Missing memory barrier in parallel replication error handler in wait_for_prior_commit()?


Hi Andrei (Cc: Sujatha),

I noticed another thing with the wait_for_commit error handling while
looking at the MDEV-18648 patch.

We have code like this:

// Wakeup code in wait_for_commit::wakeup():
  waitee= NULL;
  this->wakeup_error= wakeup_error;

// Wait code in wait_for_prior_commit():
  if (waitee)
    return wait_for_prior_commit2(thd);
    if (wakeup_error)
      my_error(ER_PRIOR_COMMIT_FAILED, MYF(0));

So the waiter code runs a "fast path" without locks. It is ok if we race on
the assignment of NULL to wait_for_commit::waitee variable, because then the
waiter will take the slow path and do proper locking.

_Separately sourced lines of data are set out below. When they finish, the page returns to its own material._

(* Let $\mathbf A$ be a finite algebra with a strongly abelian congruence $\alpha$ and let $a,b\in A$ with $(a,b)\in\alpha$. Then $|F_{\mathbf A,ab}(n)|\in O(n^k)$ where $k=\lfloor\log_2|A|\rfloor$.
   Context: $\mathrm{Clo}_n(\mathbf A)$ is the set of $n$-ary term operations of $\mathbf A$, and $F_{\mathbf A,ab}(n)=\{t|_{\{a,b\}^n}\colon\{a,b\}^n\to A\mid t\in\mathrm{Clo}_n(\mathbf A)\}$. A congruence $\alpha$ of $\mathbf A$ is strongly abelian if for every $k\ge1$, every $t\in\mathrm{Clo}_k(\mathbf A)$ and all $x_1,\dots,x_k,y_1,\dots,y_k,z_2,\dots,z_k\in A$ with $(x_i,y_i)\in\alpha$ for $1\le i\le k$ and $(y_i,z_i)\in\alpha$ for $2\le i\le k$, $t(x_1,\dots,x_k)=t(y_1,\dots,y_k)$ implies $t(x_1,z_2,\dots,z_k)=t(y_1,z_2,\dots,z_k)$. *)

theory Defs
  imports Complex_Main "HOL-Library.Landau_Symbols" "HOL-Library.FuncSet"
begin

definition is_algebra :: "'a set \<Rightarrow> ('f \<Rightarrow> nat) \<Rightarrow> ('f \<Rightarrow> 'a list \<Rightarrow> 'a) \<Rightarrow> bool" where
  "is_algebra A ar op \<longleftrightarrow> A \<noteq> {} \<and>
     (\<forall>f xs. length xs = ar f \<and> set xs \<subseteq> A \<longrightarrow> op f xs \<in> A)"

text \<open>n-ary term operations (as functions on argument lists; only their values on
  lists of length n over A matter).\<close>
inductive_set Clo :: "('f \<Rightarrow> nat) \<Rightarrow> ('f \<Rightarrow> 'a list \<Rightarrow> 'a) \<Rightarrow> nat \<Rightarrow> ('a list \<Rightarrow> 'a) set"
  for ar op n where
  proj: "i < n \<Longrightarrow> (\<lambda>xs. xs ! i) \<in> Clo ar op n"
| comp: "length ts = ar f \<Longrightarrow> (\<forall>t\<in>set ts. t \<in> Clo ar op n)
          \<Longrightarrow> (\<lambda>xs. op f (map (\<lambda>t. t xs) ts)) \<in> Clo ar op n"

definition tuples :: "'a set \<Rightarrow> nat \<Rightarrow> 'a list set" where
  "tuples B n = {xs. length xs = n \<and> set xs \<subseteq> B}"

definition F_ab :: "('f \<Rightarrow> nat) \<Rightarrow> ('f \<Rightarrow> 'a list \<Rightarrow> 'a) \<Rightarrow> 'a \<Rightarrow> 'a \<Rightarrow> nat \<Rightarrow> ('a list \<Rightarrow> 'a) set" where
  "F_ab ar op a b n = (\<lambda>t. restrict t (tuples {a, b} n)) ` Clo ar op n"

definition is_congruence :: "'a set \<Rightarrow> ('f \<Rightarrow> nat) \<Rightarrow> ('f \<Rightarrow> 'a list \<Rightarrow> 'a) \<Rightarrow> ('a \<times> 'a) set \<Rightarrow> bool" where
  "is_congruence A ar op \<alpha> \<longleftrightarrow> equiv A \<alpha> \<and>
     (\<forall>f xs ys. length xs = ar f \<and> length ys = ar f \<and> set xs \<subseteq> A \<and> set ys \<subseteq> A \<and>
        (\<forall>i < ar f. (xs ! i, ys ! i) \<in> \<alpha>) \<longrightarrow> (op f xs, op f ys) \<in> \<alpha>)"

definition strongly_abelian :: "'a set \<Rightarrow> ('f \<Rightarrow> nat) \<Rightarrow> ('f \<Rightarrow> 'a list \<Rightarrow> 'a) \<Rightarrow> ('a \<times> 'a) set \<Rightarrow> bool" where
  "strongly_abelian A ar op \<alpha> \<longleftrightarrow>
     (\<forall>k \<ge> 1. \<forall>t \<in> Clo ar op k. \<forall>xs ys zs.
        xs \<in> tuples A k \<and> ys \<in> tuples A k \<and> zs \<in> tuples A k \<and>
        (\<forall>i < k. (xs ! i, ys ! i) \<in> \<alpha>) \<and>
        (\<forall>i. 1 \<le> i \<and> i < k \<longrightarrow> (ys ! i, zs ! i) \<in> \<alpha>) \<and>
        t xs = t ys \<longrightarrow> t (xs ! 0 # tl zs) = t (ys ! 0 # tl zs))"

end

theory Submission
  imports Defs
begin

(* Call coordinate i essential for g on {a,b}^n if changing the i-th argument can change
   the value of g. Any g is determined by its set E of essential coordinates together with
   its values on the 2^|E| tuples that are constantly a outside E. For a term operation t,
   strong abelianness of alpha (with a alpha b) shows that t separates any two tuples that
   differ at an essential coordinate, so t is injective on those 2^|E| tuples and
   2^|E| <= |A|, i.e. |E| <= k = floor (log 2 |A|). Hence |F_ab(n)| is at most the number
   of subsets E of {0..n-1} with |E| <= k, at most (k+1) n^k, times |A|^(2^k). *)

definition essential_coords :: "'a set \<Rightarrow> nat \<Rightarrow> ('a list \<Rightarrow> 'b) \<Rightarrow> nat set" where
  "essential_coords B n g = {i. i < n \<and> (\<exists>u\<in>tuples B n. \<exists>v\<in>B. g u \<noteq> g (u[i := v]))}"

definition pad_tuple :: "'a \<Rightarrow> nat \<Rightarrow> nat set \<Rightarrow> (nat \<Rightarrow> 'a) \<Rightarrow> 'a list" where
  "pad_tuple c n E e = map (\<lambda>i. if i \<in> E then e i else c) [0..<n]"

definition essential_table ::
    "'a \<Rightarrow> 'a set \<Rightarrow> nat \<Rightarrow> ('a list \<Rightarrow> 'b) \<Rightarrow> nat set \<times> ((nat \<Rightarrow> 'a) \<Rightarrow> 'b)" where
  "essential_table c B n g =
    (essential_coords B n g,
     \<lambda>e \<in> essential_coords B n g \<rightarrow>\<^sub>E B. g (pad_tuple c n (essential_coords B n g) e))"

lemma length_tuples: "xs \<in> tuples B n \<Longrightarrow> length xs = n"
  by (simp add: tuples_def)

lemma nth_in_tuples: "xs \<in> tuples B n \<Longrightarrow> i < n \<Longrightarrow> xs ! i \<in> B"
  by (auto simp: tuples_def dest!: nth_mem)

lemma list_update_in_tuples: "xs \<in> tuples B n \<Longrightarrow> v \<in> B \<Longrightarrow> xs[i := v] \<in> tuples B n"
  by (auto simp: tuples_def dest: set_update_subset_insert[THEN subsetD])

lemma tuples_mono: "B \<subseteq> C \<Longrightarrow> tuples B n \<subseteq> tuples C n"
  by (auto simp: tuples_def)

lemma essential_coords_subset: "essential_coords B n g \<subseteq> {..<n}"
  by (auto simp: essential_coords_def)

lemma essential_coords_restrict:
  "essential_coords B n (restrict g (tuples B n)) = essential_coords B n g"
  by (auto simp: essential_coords_def list_update_in_tuples)

lemma pad_tuple_in_tuples: "c \<in> B \<Longrightarrow> e \<in> E \<rightarrow>\<^sub>E B \<Longrightarrow> pad_tuple c n E e \<in> tuples B n"
  by (auto simp: pad_tuple_def tuples_def)

lemma nth_pad_tuple: "i < n \<Longrightarrow> pad_tuple c n E e ! i = (if i \<in> E then e i else c)"
  by (simp add: pad_tuple_def)

lemma eq_if_agree_on_essential_coords:
  assumes x: "x \<in> tuples B n" and y: "y \<in> tuples B n"
    and agree: "\<forall>i\<in>essential_coords B n g. x ! i = y ! i"
  shows "g x = g y"
proof -
  have "g x = g y" if "x \<in> tuples B n" "\<forall>i\<in>essential_coords B n g. x ! i = y ! i"
      "\<forall>i. m \<le> i \<and> i < n \<longrightarrow> x ! i = y ! i" for m x
    using that
  proof (induction m arbitrary: x)
    case 0
    then show ?case
      using y by (intro arg_cong[where f = g] nth_equalityI) (auto simp: length_tuples)
  next
    case (Suc m)
    show ?case
    proof (cases "m < n")
      case False
      then show ?thesis using Suc by (simp add: not_less_eq_eq)
    next
      case True
      let ?x' = "x[m := y ! m]"
      have x': "?x' \<in> tuples B n"
        using Suc.prems(1) True nth_in_tuples[OF y] by (simp add: list_update_in_tuples)
      have "?x' ! i = y ! i" if "i \<in> essential_coords B n g \<or> m \<le> i \<and> i < n" for i
        using that Suc.prems(2,3) True essential_coords_subset[of B n g]
        by (cases "i = m") (auto simp: length_tuples[OF Suc.prems(1)])
      then have "g ?x' = g y"
        using x' by (intro Suc.IH) auto
      moreover have "g x = g ?x'"
      proof (cases "m \<in> essential_coords B n g")
        case True
        then show ?thesis using Suc.prems(2) by (metis list_update_id)
      next
        case False
        then show ?thesis
          using Suc.prems(1) \<open>m < n\<close> nth_in_tuples[OF y] by (auto simp: essential_coords_def)
      qed
      ultimately show ?thesis by simp
    qed
  qed
  from this[of x n] x agree show ?thesis by (meson leD)
qed

lemma inj_on_essential_table:
  assumes c: "c \<in> B" and ext: "G \<subseteq> extensional (tuples B n)"
  shows "inj_on (essential_table c B n) G"
proof (rule inj_onI)
  fix g h assume g: "g \<in> G" and h: "h \<in> G"
  let ?E = "essential_coords B n g"
  assume "essential_table c B n g = essential_table c B n h"
  then have same_coords: "essential_coords B n h = ?E"
    and same_values: "\<And>e. e \<in> ?E \<rightarrow>\<^sub>E B \<Longrightarrow> g (pad_tuple c n ?E e) = h (pad_tuple c n ?E e)"
    by (auto simp: essential_table_def dest: fun_cong[where x = e for e] split: if_splits)
  show "g = h"
  proof
    fix x
    show "g x = h x"
    proof (cases "x \<in> tuples B n")
      case True
      let ?e = "restrict (nth x) ?E"
      have e: "?e \<in> ?E \<rightarrow>\<^sub>E B"
        using True essential_coords_subset[of B n g] by (auto intro: nth_in_tuples)
      have agree: "\<forall>i\<in>?E. x ! i = pad_tuple c n ?E ?e ! i"
        using essential_coords_subset[of B n g] by (auto simp: nth_pad_tuple)
      have "g x = g (pad_tuple c n ?E ?e)"
        using True pad_tuple_in_tuples[OF c e] agree by (rule eq_if_agree_on_essential_coords)
      also have "\<dots> = h (pad_tuple c n ?E ?e)"
        using e by (rule same_values)
      also have "\<dots> = h x"
        using eq_if_agree_on_essential_coords[OF True pad_tuple_in_tuples[OF c e], of h] agree same_coords
        by simp
      finally show ?thesis .
    next
      case False
      then show ?thesis using g h ext by (metis extensional_arb subsetD)
    qed
  qed
qed

lemma card_le_by_essential_coords:
  assumes fin_A: "finite A" and A: "A \<noteq> {}" and fin_B: "finite B" and c: "c \<in> B"
    and ext: "G \<subseteq> extensional (tuples B n)"
    and maps: "\<And>g. g \<in> G \<Longrightarrow> g ` tuples B n \<subseteq> A"
    and few_coords: "\<And>g. g \<in> G \<Longrightarrow> card (essential_coords B n g) \<le> k"
  shows "card G \<le> card {E. E \<subseteq> {..<n} \<and> card E \<le> k} * card A ^ (card B ^ k)"
proof -
  let ?I = "{E. E \<subseteq> {..<n} \<and> card E \<le> k}"
  let ?S = "SIGMA E:?I. (E \<rightarrow>\<^sub>E B) \<rightarrow>\<^sub>E A"
  have fin_I: "finite ?I"
    by (rule finite_subset[of _ "Pow {..<n}"]) auto
  have fin_E: "finite E" if "E \<in> ?I" for E
    using that by (auto intro: finite_subset[OF _ finite_lessThan])
  have fin_fibres: "\<forall>E\<in>?I. finite ((E \<rightarrow>\<^sub>E B) \<rightarrow>\<^sub>E A)"
    using fin_E fin_A fin_B by (simp add: finite_PiE)
  have "essential_table c B n ` G \<subseteq> ?S"
  proof (rule image_subsetI)
    fix g assume g: "g \<in> G"
    let ?E = "essential_coords B n g"
    have "g (pad_tuple c n ?E e) \<in> A" if "e \<in> ?E \<rightarrow>\<^sub>E B" for e
      using maps[OF g] pad_tuple_in_tuples[OF c that] by blast
    then show "essential_table c B n g \<in> ?S"
      using few_coords[OF g] essential_coords_subset[of B n g] by (auto simp: essential_table_def)
  qed
  with inj_on_essential_table[OF c ext] have "card G \<le> card ?S"
    using finite_SigmaI[OF fin_I bspec[OF fin_fibres]] by (rule card_inj_on_le)
  also have "\<dots> = (\<Sum>E\<in>?I. card ((E \<rightarrow>\<^sub>E B) \<rightarrow>\<^sub>E A))"
    using fin_I fin_fibres by (rule card_SigmaI)
  also have "\<dots> = (\<Sum>E\<in>?I. card A ^ (card B ^ card E))"
  proof (rule sum.cong[OF refl])
    fix E assume "E \<in> ?I"
    then have "finite E" by (rule fin_E)
    then show "card ((E \<rightarrow>\<^sub>E B) \<rightarrow>\<^sub>E A) = card A ^ (card B ^ card E)"
      using fin_B by (simp add: card_funcsetE finite_PiE)
  qed
  also have "\<dots> \<le> (\<Sum>E\<in>?I. card A ^ (card B ^ k))"
  proof (rule sum_mono)
    fix E assume "E \<in> ?I"
    moreover have "1 \<le> card B" "1 \<le> card A"
      using fin_A A fin_B c by (auto simp: Suc_le_eq card_gt_0_iff)
    ultimately show "card A ^ (card B ^ card E) \<le> card A ^ (card B ^ k)"
      by (simp add: power_increasing)
  qed
  finally show ?thesis by simp
qed

lemma card_subsets_card_le:
  assumes "1 \<le> n"
  shows "card {E. E \<subseteq> {..<n} \<and> card E \<le> k} \<le> (k + 1) * n ^ k"
proof -
  have "{E. E \<subseteq> {..<n} \<and> card E \<le> k} = (\<Union>j\<in>{..k}. {E. E \<subseteq> {..<n} \<and> card E = j})"
    by auto
  then have "card {E. E \<subseteq> {..<n} \<and> card E \<le> k} \<le> (\<Sum>j\<in>{..k}. card {E. E \<subseteq> {..<n} \<and> card E = j})"
    by (simp add: card_UN_le)
  also have "\<dots> = (\<Sum>j\<in>{..k}. n choose j)"
    by (simp add: n_subsets)
  also have "\<dots> \<le> (\<Sum>j\<in>{..k}. n ^ k)"
  proof (rule sum_mono)
    fix j assume "j \<in> {..k}"
    have "n choose j \<le> n ^ j"
      by (cases "j \<le> n") (auto simp: binomial_le_pow binomial_eq_0)
    also have "\<dots> \<le> n ^ k"
      using \<open>j \<in> {..k}\<close> assms by (intro power_increasing) auto
    finally show "n choose j \<le> n ^ k" .
  qed
  finally show ?thesis by simp
qed

lemma Clo_reindex:
  assumes "t \<in> Clo ar op n" and "\<And>j. j < n \<Longrightarrow> \<sigma> j < m"
  shows "(\<lambda>xs. t (map (\<lambda>j. xs ! \<sigma> j) [0..<n])) \<in> Clo ar op m"
  using assms
proof (induction rule: Clo.induct)
  case (proj i)
  then show ?case using Clo.proj[of "\<sigma> i" m ar op] by simp
next
  case (comp ts f)
  let ?reindex = "\<lambda>t xs. t (map (\<lambda>j. xs ! \<sigma> j) [0..<n])"
  have "(\<lambda>xs. op f (map (\<lambda>t. t xs) (map ?reindex ts))) \<in> Clo ar op m"
    using comp by (intro Clo.comp) auto
  then show ?case by (simp add: comp_def)
qed

lemma Clo_maps_tuples:
  assumes "is_algebra A ar op" and "t \<in> Clo ar op n" and "xs \<in> tuples A n"
  shows "t xs \<in> A"
  using assms(2,3)
proof (induction rule: Clo.induct)
  case (proj i)
  then show ?case by (simp add: nth_in_tuples)
next
  case (comp ts f)
  then have "set (map (\<lambda>t. t xs) ts) \<subseteq> A" by auto
  with assms(1) comp(1) show ?case by (simp add: is_algebra_def)
qed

But it looks like there is a race as follows:

  1. wakeup() sets waitee= NULL
  2. wait_for_prior_commit() sees waitee==NULL _and_ wakeup_error==0, and
     incorrectly returns without error.
  3. wakeup() too late sets wait_for_commit::wakeup_error.

It is not enough of course to swap the assignments in wakeup(). A
write-write memory barrier is needed between them in wakeup(), and a
corresponding read-read barrier is needed in wait_for_prior_commit().

With proper barriers, the waiter cannot see the write of waitee=NULL without
also seeing the write to wakeup_error. So it will either return with
non-zero wakeup_error or take the slow path with proper locking. Both of
which are fine.

Andrei, what do you think? Can you see something in the above analysis that
I missed? It seems like such an obvious miss in the code that I wonder how
it remained undetected for so long (or how I could have written that in the
first place...). But I suppose the race is very unlikely to hit in practice,
especially in a code path that only triggers in the error case...

 - Kristian.